[Opening Extracted entries section]

(* Let $z\in\mathbb C$. Then \[\sum_{m=1}^\infty\frac{d_z(m)}mH_m(1)=\frac{\mathbb E(L(1,\mathbb X)^z)}{\zeta(2)}\qquad\text{and}\qquad\sum_{m=1}^\infty\frac{d_z(m)}mH_m'(1)=\frac{\mathbb E(L(1,\mathbb X)^z)}{\zeta(2)}(\phi(z)-2\gamma).\]
   Context: $d_z$ is the multiplicative function with $d_z(p^\nu)=\Gamma(z+\nu)/(\Gamma(z)\nu!)$. Write $m=2^{e_1}p_2^{e_2}\cdots p_r^{e_r}$ ($e_1\ge0$, $p_j$ distinct odd primes, $e_j\ge1$), $m_0$ the squarefree part of $m/2^{e_1}$, $\omega(m_0)$ its number of prime factors; define \[h_m(s)=\frac{(-1)^{\omega(m_0)}}{m_0}\,\frac{\prod_{2\le j\le r,\ e_j\text{ even}}\bigl(1-\frac2{p_j}\bigr)\bigl(1+\frac{2(p_j-1)}{(p_j-2)(p_j^s-1)}\bigr)}{\prod_{p\mid m}\bigl(1+\frac2{p^s-1}\bigr)}\,\tilde\kappa(m,s),\] with $\tilde\kappa(m,s)=1$ if $m$ is odd and $\tilde\kappa(m,s)=\frac{(-1)^{e_1}}2\frac{8^s+4^s}{8^s+2^s+2}\bigl(1+\frac{2(1+(-1)^{e_1})}{4^s(2^s-1)}\bigr)$ if $m$ is even, and $H_m(s)=\frac{8^s+2^s+2}{8^s+4^s}\frac{h_m(s)}{\zeta(2s)}$; $H_m'$ is the derivative in $s$. $(\mathbb X(p))_p$ are independent random variables indexed by primes with $\mathbb P(\mathbb X(p)=1)=\frac{(p-1)^2}{2p(p+1)}$, $\mathbb P(\mathbb X(p)=-1)=\frac{p-1}{2p}$, $\mathbb P(\mathbb X(p)=0)=\frac2{p+1}$; $\mathbb E(L(1,\mathbb X)^z):=\prod_p\mathbb E((1-\mathbb X(p)/p)^{-z})$. $\gamma$ is the Euler–Mascheroni constant and \[\phi(z)=\sum_{p\ge3}\frac{\frac{2\log p}{(p+1)^2}\bigl(1-(1-\frac1p)^{-z}\bigr)}{\mathbb E\bigl((1-\frac{\mathbb X(p)}{p})^{-z}\bigr)}-\frac{\log 2}{9}\,\frac{4\cdot 2^z+5}{\frac16 2^z+\frac12(\frac23)^z+\frac43}-\frac{2\zeta'(2)}{\zeta(2)}+2\gamma,\] where, if $\phi(z)$ is undefined, $\mathbb E(L(1,\mathbb X)^z)\phi(z)$ is interpreted by cancelling the vanishing factor. *)

theory Defs
  imports "HOL-Complex_Analysis.Complex_Analysis" "HOL-Computational_Algebra.Computational_Algebra"
begin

[Closing Extracted entries section]

● **Exercise description**:
The answer should be the exact lines running from the line containing "theory Defs" to the last line of the entries, with nothing else.

● **Answer space**:
theory Defs
  imports "HOL-Complex_Analysis.Complex_Analysis" "HOL-Computational_Algebra.Computational_Algebra"
begin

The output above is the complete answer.